One of the most prevalent ways individuals interact with geo data is through the Global Positioning System (GPS) embedded in their mobile phones. When you use GPS on your smartphone, you're tapping into a vast network of satellites orbiting above. These satellites beam signals to your device, allowing it to pinpoint your exact location with remarkable accuracy.

Analyzing and visualizing geospatial data is essential in various fields, including geography, environmental sciences, urban planning, epidemiology, and transportation not to mention social science.

Google Route from Berlin to Munich.

7.1 Geo coordinates

7.1.1 Where Are You?

Websites such as GPS Coordinates offer the capability to determine your precise location on Earth. By accessing these platforms, users can obtain a visual representation of their current surroundings through a map view, along with corresponding geo-coordinates. This valuable service not only provides a real-time snapshot of your location but also offers the convenience of easily retrieving accurate geographic coordinates, enhancing navigation and location-aware applications.

Ask Google Maps for Viadrina European University returns two numbers 52.342977500409994, latitude and 14.555877070488613 latitude.

7.1.2 Latitude and longitude

Latitude and longitude are geographic coordinates used to specify locations on the Earth's surface. They are used to precisely determine a point's position in terms of its north-south and east-west positions.

Longitude lines are perpendicular to and latitude lines are parallel to the Equator.

(#fig:lon_lat)Longitude lines are perpendicular to and latitude lines are parallel to the Equator.

Latitude measures the north-south position of a point on the Earth. The equator is defined as 0 degrees latitude, and it divides the Earth into the Northern Hemisphere (positive latitudes) and the Southern Hemisphere (negative latitudes). The range of latitude extends from -90 degrees (South Pole) to +90 degrees (North Pole).

Longitude measures the east-west position of a point on the Earth. It is also measured in degrees, with the Prime Meridian serving as the reference point. The Prime Meridian, located at Greenwich, London, is defined as 0 degrees longitude. Longitude lines extend from the Prime Meridian to the International Date Line, which is roughly 180 degrees longitude. The range of longitude extends from -180 degrees to +180 degrees.

Well, who invented latitude and longitude and why is latitude positive in the north and where is the North anyway?

History

The decision to have latitude positive in the north and negative in the south is essentially arbitrary. The convention was established to provide a consistent and universally accepted reference frame for geographic coordinates. It was likely influenced by the fact that most early civilizations and cartographers were based in the northern hemisphere.

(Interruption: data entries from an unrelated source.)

lemma sandwich_End:
  assumes "\<theta> \<in> End R M"
  shows "sandwich \<theta> \<in> End R M"
  unfolding sandwich_def
  using End_finsum_maps[of "{..n - 1}" "\<lambda>i z. (\<phi> ^^ i) (\<theta> ((\<phi> ^^ (n - 1 - i)) z))"]
    End_comp[OF funpow_End End_comp[OF assms funpow_End]] by simp

lemma sandwich_commute:
  assumes \<theta>: "\<theta> \<in> End R M" and z: "z \<in> carrier M"
  shows "sandwich \<theta> (\<phi> z) = \<phi> (sandwich \<theta> z)"
proof -
  obtain m where m: "n = Suc m"
    using index_pos by (cases n) auto
  define F where "F i = (\<phi> ^^ i) (\<theta> ((\<phi> ^^ (Suc m - i)) z))" for i
  have F: "F \<in> {..Suc m} \<rightarrow> carrier M"
    unfolding F_def using funpow_closed EndD(1)[OF \<theta>] z by blast
  have sum_closed: "(\<Oplus>\<^bsub>M\<^esub>i\<in>{..m}. F i) \<in> carrier M" "(\<Oplus>\<^bsub>M\<^esub>i\<in>{..m}. F (Suc i)) \<in> carrier M"
    using F by (auto intro!: M.finsum_closed)
  have "F 0 = \<theta> ((\<phi> ^^ n) z)" "F (Suc m) = (\<phi> ^^ n) (\<theta> z)"
    unfolding F_def m by simp_all
  then have F_0: "F 0 = \<zero>\<^bsub>M\<^esub>" and F_top: "F (Suc m) = \<zero>\<^bsub>M\<^esub>"
    using funpow_eq_zero z EndD(1)[OF \<theta> z] End_zero[OF \<theta>] by simp_all
  have "sandwich \<theta> (\<phi> z) = (\<Oplus>\<^bsub>M\<^esub>i\<in>{..m}. F i)"
    unfolding sandwich_def F_def unfolding m using funpow_closed EndD(1)[OF \<theta>] EndD(1)[OF End_\<phi> z] z
    by (intro M.finsum_cong') (auto simp: funpow_swap1 Suc_diff_le)
  also have "\<dots> = (\<Oplus>\<^bsub>M\<^esub>i\<in>{..Suc m}. F i)"
    using M.finsum_Suc[OF F] F_top sum_closed by simp
  also have "\<dots> = (\<Oplus>\<^bsub>M\<^esub>i\<in>{..m}. F (Suc i))"
    using M.finsum_Suc2[OF F] F_0 sum_closed by simp
  also have "\<dots> = \<phi> (sandwich \<theta> z)"
    unfolding sandwich_def F_def unfolding m
    using End_finsum[OF End_\<phi> finite_atMost, of "\<lambda>i. (\<phi> ^^ i) (\<theta> ((\<phi> ^^ (m - i)) z))"]
      funpow_closed EndD(1)[OF \<theta>] z by (simp add: Pi_iff)
  finally show ?thesis .
qed

lemma sandwich_eq_top:
  assumes \<theta>: "\<theta> \<in> End R M" and w: "w \<in> carrier M"
    and vanish: "\<And>k. k < n - 1 \<Longrightarrow> \<theta> ((\<phi> ^^ k) w) = \<zero>\<^bsub>M\<^esub>"
  shows "sandwich \<theta> w = \<theta> ((\<phi> ^^ (n - 1)) w)"
proof -
  have "sandwich \<theta> w = (\<Oplus>\<^bsub>M\<^esub>i\<in>{..n - 1}. if 0 = i then \<theta> ((\<phi> ^^ (n - 1)) w) else \<zero>\<^bsub>M\<^esub>)"
    unfolding sandwich_def using funpow_closed EndD(1)[OF \<theta>] End_zero[OF funpow_End] vanish w
    by (intro M.finsum_cong') auto
  also have "\<dots> = \<theta> ((\<phi> ^^ (n - 1)) w)"
    using M.finsum_singleton[of 0 "{..n - 1}" "\<lambda>_. \<theta> ((\<phi> ^^ (n - 1)) w)"]
      funpow_closed EndD(1)[OF \<theta>] w by simp
  finally show ?thesis .
qed

lemma sandwich_centralizer: "\<theta> \<in> End R M \<Longrightarrow> sandwich \<theta> \<in> centralizer R M \<phi>"
  unfolding centralizer_iff using sandwich_End sandwich_commute by blast

definition lower_orbit
  where "lower_orbit w t = {(\<phi> ^^ k) w | k. t \<le> k \<and> k < n - 1}"

lemma lower_orbit_subset_carrier: "w \<in> carrier M \<Longrightarrow> lower_orbit w t \<subseteq> carrier M"
  unfolding lower_orbit_def using funpow_closed by blast

lemma lower_orbit_insert:
  assumes "t < n - 1"
  shows "lower_orbit w t = insert ((\<phi> ^^ t) w) (lower_orbit w (Suc t))"
  unfolding lower_orbit_def using assms by (auto simp: le_eq_less_or_eq Suc_le_eq)

lemma funpow_lspan_lower_orbit_eq_zero:
  assumes w: "w \<in> carrier M" and u: "u \<in> lspan R M (lower_orbit w (Suc t))"
  shows "(\<phi> ^^ (n - 1 - t)) u = \<zero>\<^bsub>M\<^esub>"
proof -
  let ?g = "\<phi> ^^ (n - 1 - t)"
  have "?g ` lower_orbit w (Suc t) \<subseteq> {\<zero>\<^bsub>M\<^esub>}"
  proof
    fix v assume "v \<in> ?g ` lower_orbit w (Suc t)"
    then obtain k where k: "Suc t \<le> k" "v = ?g ((\<phi> ^^ k) w)"
      unfolding lower_orbit_def by blast
    then have "v = (\<phi> ^^ (n - 1 - t + k)) w"
      by (simp add: funpow_add)
    then show "v \<in> {\<zero>\<^bsub>M\<^esub>}"
      using funpow_eq_zero[OF w] k(1) by simp
  qed
  then show ?thesis
    using End_image_lspan_subset[OF funpow_End lower_orbit_subset_carrier[OF w]] u lspan_zero_set by blast
qed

Regarding the choice of the prime meridian (0 degrees longitude) passing through Greenwich, England, it was largely due to historical reasons and the influence of the British Empire. The concept of establishing a prime meridian dates back to the 19th century when international cooperation in navigation and mapping was increasing. In 1884, at the International Meridian Conference held in Washington, D.C., representatives from various countries agreed to adopt the Greenwich Meridian as the Prime Meridian, mainly because the British Royal Observatory in Greenwich was already internationally recognized for its contributions to astronomy and navigation.

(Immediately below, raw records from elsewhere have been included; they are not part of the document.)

lemma sf_mult_assoc: "sf_mult (sf_mult f g) h = sf_mult f (sf_mult g h)"
proof
  fix m
  have "sf_mult (sf_mult f g) h m = (\<Sum>(x, c)\<in>mono_splits m. \<Sum>(a, b)\<in>mono_splits x. f a * g b * h c)"
    unfolding sf_mult_mono_splits by (simp add: sum_distrib_right case_prod_beta)
  also have "\<dots> = (\<Sum>xc\<in>mono_splits m. \<Sum>ab\<in>mono_splits (fst xc). f (fst ab) * g (snd ab) * h (snd xc))"
    by (simp add: case_prod_beta)
  also have "\<dots> = (\<Sum>z\<in>Sigma (mono_splits m) (\<lambda>xc. mono_splits (fst xc)). f (fst (snd z)) * g (snd (snd z)) * h (snd (fst z)))"
    by (subst sum.Sigma) (auto simp: case_prod_beta)
  also have "\<dots> = (\<Sum>z\<in>Sigma (mono_splits m) (\<lambda>ay. mono_splits (snd ay)). f (fst (fst z)) * g (fst (snd z)) * h (snd (snd z)))"
    by (rule sum.reindex_bij_witness[of _ "\<lambda>((a,y),(b,c)). ((a+b,c),(a,b))" "\<lambda>((x,c),(a,b)). ((a,b+c),(b,c))"])
       (auto simp: mono_splits_def add.assoc)
  also have "\<dots> = (\<Sum>ay\<in>mono_splits m. \<Sum>bc\<in>mono_splits (snd ay). f (fst ay) * g (fst bc) * h (snd bc))"
    by (subst sum.Sigma) (auto simp: case_prod_beta)
  also have "\<dots> = (\<Sum>(a, y)\<in>mono_splits m. \<Sum>(b, c)\<in>mono_splits y. f a * g b * h c)"
    by (simp add: case_prod_beta)
  also have "\<dots> = sf_mult f (sf_mult g h) m"
    unfolding sf_mult_mono_splits by (simp add: sum_distrib_left case_prod_beta mult.assoc)
  finally show "sf_mult (sf_mult f g) h m = sf_mult f (sf_mult g h) m" .
qed

lemma sf_mult_one: "sf_mult sf_one g = g"
proof
  fix m
  have "sf_mult sf_one g m = (\<Sum>(a, b)\<in>mono_splits m. if a = 0 then g b else 0)"
    unfolding sf_mult_mono_splits by (rule sum.cong) (auto simp: sf_one_def sf_const_def)
  then show "sf_mult sf_one g m = g m"
    by (simp only: sum_mono_splits_left_0)
qed

lemma sf_mult_distrib: "sf_mult (sf_add f g) h = sf_add (sf_mult f h) (sf_mult g h)"
  unfolding sf_mult_mono_splits sf_add_def
  by (simp add: fun_eq_iff distrib_right sum.distrib case_prod_beta)

typedef sfps = "UNIV :: sf set" morphisms coeff Abs_sfps by simp

setup_lifting type_definition_sfps

lemma sfps_eqI: "(\<And>m. coeff f m = coeff g m) \<Longrightarrow> f = g"
  by (metis coeff_inverse ext)

instantiation sfps :: comm_ring_1
begin
lift_definition zero_sfps :: sfps is "\<lambda>_. 0" .
lift_definition one_sfps :: sfps is sf_one .
lift_definition plus_sfps :: "sfps \<Rightarrow> sfps \<Rightarrow> sfps" is sf_add .
lift_definition minus_sfps :: "sfps \<Rightarrow> sfps \<Rightarrow> sfps" is sf_diff .
lift_definition uminus_sfps :: "sfps \<Rightarrow> sfps" is "\<lambda>f m. - f m" .
lift_definition times_sfps :: "sfps \<Rightarrow> sfps \<Rightarrow> sfps" is sf_mult .
instance
proof
  fix a b c :: sfps
  show "a * b * c = a * (b * c)" by transfer (rule sf_mult_assoc)
  show "a * b = b * a" by transfer (rule sf_mult_comm)
  show "1 * a = a" by transfer (rule sf_mult_one)
  show "(a + b) * c = a * c + b * c" by transfer (rule sf_mult_distrib)
  show "a + b + c = a + (b + c)" by transfer (simp add: sf_add_def add.assoc)
  show "a + b = b + a" by transfer (simp add: sf_add_def add.commute)
  show "0 + a = a" by transfer (simp add: sf_add_def)
  show "- a + a = 0" by transfer (simp add: sf_add_def)
  show "a - b = a + - b" by transfer (simp add: sf_add_def sf_diff_def)
  show "(0::sfps) \<noteq> 1" by transfer (simp add: sf_one_def sf_const_def fun_eq_iff)
qed
end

Europe is a continent located entirely in the Northern Hemisphere and mostly in the Eastern Hemisphere. It is situated to the west of Asia, separated by the Ural Mountains, the Ural River, the Caspian Sea, the Caucasus Mountains, and the Black Sea. Here are approximate latitude and longitude ranges for Europe:

  • Latitude Range: Approximately 35 degrees North to 71 degrees North.
  • Longitude Range: Approximately 25 degrees West to 45 degrees East.
Europe c. 650.

(#fig:europe_lat_long)Europe c. 650.

7.1.3 Angles and Degrees

The intuition is that latitude and longitude are angles. Angular measurements are commonly expressed in units of degrees, minutes, and seconds (DMS). 1 degree equals 60 minutes, and one minute equals 60 seconds.

Berlin, the capitol of Germany is located:

  • Latitude: 52° 31' 12" N
  • Longitude: 13° 24' 18" E

in DMS. In decimal degrees (DD) we get:

\[\text{Decimal degree} = \text{Degree} + \frac{\text{Minute}}{60} + \frac{\text{Minute}}{3600}\]

  • Latitude: 52.5200° N
  • Longitude: 13.4050° E

In general, coordinates with six decimal places (0.000001 degrees) can provide location accuracy to approximately within a few centimeters. Each additional decimal place adds further precision, narrowing down the location to smaller units of measurement.

The entrance of Viadrina main building and the best coffee in town are about 40m away.

Latitude is different in the 4th and longitude differs in the 3rd decimal.

name address lat lon
Viadrina Main Building Große Scharrnstr. 52.34228 14.55387
Best Coffee In Town Große Scharrnstr. 52.34212 14.55459

7.1.4 Coordinate Reference System

A Coordinate Reference System (CRS) is a framework used to uniquely identify locations on the Earth's surface. It defines how geographic coordinates (latitude and longitude) are mapped to positions on a two-dimensional surface, whether it's a map or a computer screen.

Common CRS formats include:

  • Geographic CRS (GCS): Based on a three-dimensional ellipsoidal model of the Earth. Examples include WGS 84 (World Geodetic System 1984) and NAD83 (North American Datum 1983).
  • Projected CRS: Represents locations on a two-dimensional plane (e.g., a map). Examples include UTM (Universal Transverse Mercator) and Web Mercator.

The European Petroleum Survey Group Geodesy (EPSG) is best known for its system of spatial reference IDs for coordinate systems. An EPSG code is a unique ID that can be a simple way to identify a CRS.

library(rnaturalearth)

# Get geometries of countries (default CRS is WGS 84)
world <- ne_countries(scale = "medium", returnclass = "sf")

# Check the CRS in world 
st_crs(world)$input
#> [1] "WGS 84"

The default CRS is WGS 84 (World Geodetic System 1984) which is a widely used global geodetic datum and coordinate system, and it is based on an ellipsoidal model of the Earth.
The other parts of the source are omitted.